* **Work to complete**
The entries below contain a stretch that opens with the line containing "case (Suc r)" and closes with the line containing "using BD by (auto simp: s'_def)"; set down that stretch exactly, both ends included, and nothing else.

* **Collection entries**
-------------------------

(* Let $r\ge 1$, $n\ge 1$ and $k\ge 0$ be integers and let $s:[n]\to\{0,1,\dots,r\}$. The simplicial complex $C_s(n,k,\dots,k)$ (with $k$ repeated $r$ times) is non-empty if and only if $\sum_{i=1}^n s(i)\ge rk$.
   Context: For $\mathbf{k}=(k_1,\dots,k_r)$ with $k_i\ge 0$ and $s:[n]\to\{0,\dots,r\}$, the complex $C_s(n,\mathbf{k})$ has as vertices the $r$-tuples $(A_1,\dots,A_r)$ of subsets of $[n]$ such that $|A_j|\ge k_j$ for all $j$ and, for each $x\in[n]$, the number of $1\le j\le r$ with $x\in A_j$ is exactly $s(x)$. A set of vertices $\{(A_1^i,\dots,A_r^i)\}_{i\in I}$ is a face iff $|\bigcap_{i\in I}A_j^i|\ge k_j$ for all $j=1,\dots,r$. Non-empty means it has at least one vertex. *)

theory Defs
  imports Main
begin

text \<open>An r-tuple (A_1,...,A_r) of subsets of [n] is represented as a function
  A :: nat \<Rightarrow> nat set, with A j meaningful for j in {1..r} and A j = {} otherwise.
  The vector k = (k_1,...,k_r) is a function kk :: nat \<Rightarrow> nat (used on {1..r}),
  and s :: nat \<Rightarrow> nat is used on [n] = {1..n}.\<close>

definition Cs_vertices :: "nat \<Rightarrow> nat \<Rightarrow> (nat \<Rightarrow> nat) \<Rightarrow> (nat \<Rightarrow> nat) \<Rightarrow> (nat \<Rightarrow> nat set) set" where
  "Cs_vertices r n kk s =
     {A. (\<forall>j\<in>{1..r}. A j \<subseteq> {1..n} \<and> card (A j) \<ge> kk j)
       \<and> (\<forall>j. j \<notin> {1..r} \<longrightarrow> A j = {})
       \<and> (\<forall>x\<in>{1..n}. card {j\<in>{1..r}. x \<in> A j} = s x)}"

definition Cs_faces :: "nat \<Rightarrow> nat \<Rightarrow> (nat \<Rightarrow> nat) \<Rightarrow> (nat \<Rightarrow> nat) \<Rightarrow> (nat \<Rightarrow> nat set) set set" where
  "Cs_faces r n kk s =
     {F. F \<subseteq> Cs_vertices r n kk s \<and>
         (F \<noteq> {} \<longrightarrow> (\<forall>j\<in>{1..r}. card (\<Inter>A\<in>F. A j) \<ge> kk j))}"

definition Cs_nonempty :: "nat \<Rightarrow> nat \<Rightarrow> (nat \<Rightarrow> nat) \<Rightarrow> (nat \<Rightarrow> nat) \<Rightarrow> bool" where
  "Cs_nonempty r n kk s \<longleftrightarrow> (\<exists>v. {v} \<in> Cs_faces r n kk s)"

end

theory Submission
  imports Defs
begin

text \<open>A vertex covers each point x exactly s(x) times, so double counting gives
  \<open>\<Sum> s(x) = \<Sum> |A\<^sub>j| \<ge> rk\<close>. Conversely, induct on r: the last set must contain every
  point with s(x) = r, so take it to consist of these points together with further points of
  positive multiplicity, up to size max(k, #{x. s(x) = r}). Subtracting its indicator from s
  leaves multiplicities at most r - 1 whose total is still at least (r - 1)k.\<close>

lemma Cs_nonempty_iff_vertices_nonempty:
  "Cs_nonempty r n kk s \<longleftrightarrow> Cs_vertices r n kk s \<noteq> {}"
  unfolding Cs_nonempty_def Cs_faces_def ex_in_conv[symmetric] by (auto simp: Cs_vertices_def)

lemma sum_multiplicities_eq_sum_card:
  assumes "A \<in> Cs_vertices r n kk s"
  shows "(\<Sum>i=1..n. s i) = (\<Sum>j=1..r. card (A j))"
proof -
  have "(\<Sum>i=1..n. s i) = (\<Sum>x=1..n. card {j\<in>{1..r}. x \<in> A j})"
    using assms by (simp add: Cs_vertices_def)
  also have "\<dots> = (\<Sum>j=1..r. card (A j))"
  proof (rule sum_multicount_gen)
    have "{x\<in>{1..n}. x \<in> A j} = A j" if "j \<in> {1..r}" for j
      using assms that unfolding Cs_vertices_def by blast
    then show "\<forall>j\<in>{1..r}. card {x\<in>{1..n}. x \<in> A j} = card (A j)"
      by simp
  qed simp_all
  finally show ?thesis .
qed

lemma sum_bounds_le_sum_multiplicities:
  assumes "A \<in> Cs_vertices r n kk s"
  shows "(\<Sum>j=1..r. kk j) \<le> (\<Sum>i=1..n. s i)"
proof -
  have "(\<Sum>j=1..r. kk j) \<le> (\<Sum>j=1..r. card (A j))"
    using assms by (intro sum_mono) (simp add: Cs_vertices_def)
  then show ?thesis
    using sum_multiplicities_eq_sum_card[OF assms] by simp
qed

lemma Cs_vertices_extend:
  assumes A: "A \<in> Cs_vertices r n kk s'"
    and B: "B \<subseteq> {1..n}" "kk (Suc r) \<le> card B"
    and s: "\<forall>x\<in>{1..n}. s x = s' x + of_bool (x \<in> B)"
  shows "A(Suc r := B) \<in> Cs_vertices (Suc r) n kk s"
  unfolding Cs_vertices_def
proof (intro CollectI conjI ballI allI impI)
  fix j assume "j \<in> {1..Suc r}"
  then show "(A(Suc r := B)) j \<subseteq> {1..n}" "kk j \<le> card ((A(Suc r := B)) j)"
    using A B by (auto simp: Cs_vertices_def)
next
  fix j assume "j \<notin> {1..Suc r}"
  then show "(A(Suc r := B)) j = {}"
    using A by (auto simp: Cs_vertices_def)
next
  fix x assume x: "x \<in> {1..n}"
  have "{j\<in>{1..Suc r}. x \<in> (A(Suc r := B)) j}
      = {j\<in>{1..r}. x \<in> A j} \<union> (if x \<in> B then {Suc r} else {})"
    by auto
  then have "card {j\<in>{1..Suc r}. x \<in> (A(Suc r := B)) j}
      = card {j\<in>{1..r}. x \<in> A j} + of_bool (x \<in> B)"
    by (simp add: card_Un_disjoint)
  also have "\<dots> = s x"
    using A s x by (simp add: Cs_vertices_def)
  finally show "card {j\<in>{1..Suc r}. x \<in> (A(Suc r := B)) j} = s x" .
qed

lemma exists_removable_block:
  fixes s :: "'a \<Rightarrow> nat"
  assumes I: "finite I"
    and s_le: "\<forall>x\<in>I. s x \<le> Suc r"
    and sum_ge: "Suc r * k \<le> (\<Sum>x\<in>I. s x)"
  obtains B where "{x\<in>I. s x = Suc r} \<subseteq> B" "B \<subseteq> {x\<in>I. 0 < s x}"
    "k \<le> card B" "r * k + card B \<le> (\<Sum>x\<in>I. s x)"
proof -
  define C where "C = {x\<in>I. s x = Suc r}"
  define D where "D = {x\<in>I. 0 < s x}"
  define N where "N = max k (card C)"
  have CD: "C \<subseteq> D" "finite D"
    using I by (auto simp: C_def D_def)
  have "(\<Sum>x\<in>I. s x) = (\<Sum>x\<in>D. s x)"
    unfolding D_def using I by (intro sum.mono_neutral_right) auto
  also have "\<dots> \<le> (\<Sum>x\<in>D. Suc r)"
    using s_le by (intro sum_mono) (simp add: D_def)
  finally have "Suc r * k \<le> Suc r * card D"
    using sum_ge by (simp add: mult.commute)
  then have "k \<le> card D"
    by (simp only: Suc_mult_le_cancel1)
  moreover have "card C \<le> card D"
    using CD by (simp add: card_mono)
  ultimately have N_le: "N \<le> card D"
    by (simp add: N_def)
  have "Suc r * card C = (\<Sum>x\<in>C. s x)"
    by (simp add: C_def)
  also have "\<dots> \<le> (\<Sum>x\<in>I. s x)"
    using I by (intro sum_mono2) (auto simp: C_def)
  finally have C_le: "Suc r * card C \<le> (\<Sum>x\<in>I. s x)" .
  have "r * k + N \<le> (\<Sum>x\<in>I. s x)"
  proof (cases "k \<le> card C")
    case True
    then have "r * k + N \<le> Suc r * card C"
      by (simp add: N_def)
    then show ?thesis
      using C_le by (rule le_trans)
  next
    case False
    then show ?thesis
      using sum_ge by (simp add: N_def)
  qed
  moreover obtain B where "C \<subseteq> B" "B \<subseteq> D" "card B = N"
    using exists_subset_between[of C N D] CD N_le by (auto simp: N_def)
  ultimately show thesis
    using that by (simp add: C_def D_def N_def)
qed

lemma Cs_vertices_nonempty_if_sum_ge:
  assumes "\<forall>x\<in>{1..n}. s x \<le> r" "r * k \<le> (\<Sum>i=1..n. s i)"
  shows "Cs_vertices r n (\<lambda>_. k) s \<noteq> {}"
  using assms
proof (induction r arbitrary: s)
  case 0
  then have "(\<lambda>_. {}) \<in> Cs_vertices 0 n (\<lambda>_. k) s"
    by (simp add: Cs_vertices_def)
  then show ?case by blast
next
  case (Suc r)
  obtain B where CB: "{x\<in>{1..n}. s x = Suc r} \<subseteq> B" and BD: "B \<subseteq> {x\<in>{1..n}. 0 < s x}"
    and k_le: "k \<le> card B" and sum_ge: "r * k + card B \<le> (\<Sum>i=1..n. s i)"
    using exists_removable_block[of "{1..n}" s r k] Suc.prems by auto
  define s' where "s' x = s x - of_bool (x \<in> B)" for x
  have s_eq: "\<forall>x\<in>{1..n}. s x = s' x + of_bool (x \<in> B)"
    using BD by (auto simp: s'_def)
  have "\<forall>x\<in>{1..n}. s' x \<le> r"
    using CB Suc.prems(1) by (force simp: s'_def)
  moreover have "(\<Sum>i=1..n. s i) = (\<Sum>i=1..n. s' i) + card B"
  proof -
    have "{1..n} \<inter> B = B"
      using BD by blast
    then show ?thesis
      using s_eq by (simp add: sum.distrib)
  qed
  ultimately obtain A where "A \<in> Cs_vertices r n (\<lambda>_. k) s'"
    using Suc.IH[of s'] sum_ge by fastforce
  then have "A(Suc r := B) \<in> Cs_vertices (Suc r) n (\<lambda>_. k) s"
    using BD k_le s_eq by (intro Cs_vertices_extend) auto
  then show ?case by blast
qed

theorem mainTheorem4:
  fixes r n k :: nat and s :: "nat \<Rightarrow> nat"
  assumes "r \<ge> 1" and "n \<ge> 1"
    and "\<forall>i\<in>{1..n}. s i \<le> r"
  shows "Cs_nonempty r n (\<lambda>_. k) s \<longleftrightarrow> (\<Sum>i=1..n. s i) \<ge> r * k"
proof
  assume "Cs_nonempty r n (\<lambda>_. k) s"
  then obtain A where "A \<in> Cs_vertices r n (\<lambda>_. k) s"
    by (auto simp: Cs_nonempty_iff_vertices_nonempty)
  from sum_bounds_le_sum_multiplicities[OF this] show "(\<Sum>i=1..n. s i) \<ge> r * k"
    by simp
next
  assume "(\<Sum>i=1..n. s i) \<ge> r * k"
  with assms(3) show "Cs_nonempty r n (\<lambda>_. k) s"
    by (simp add: Cs_nonempty_iff_vertices_nonempty Cs_vertices_nonempty_if_sum_ge)
qed

end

-------------------------

* **Written answer**
  case (Suc r)
  obtain B where CB: "{x\<in>{1..n}. s x = Suc r} \<subseteq> B" and BD: "B \<subseteq> {x\<in>{1..n}. 0 < s x}"
    and k_le: "k \<le> card B" and sum_ge: "r * k + card B \<le> (\<Sum>i=1..n. s i)"
    using exists_removable_block[of "{1..n}" s r k] Suc.prems by auto
  define s' where "s' x = s x - of_bool (x \<in> B)" for x
  have s_eq: "\<forall>x\<in>{1..n}. s x = s' x + of_bool (x \<in> B)"
    using BD by (auto simp: s'_def)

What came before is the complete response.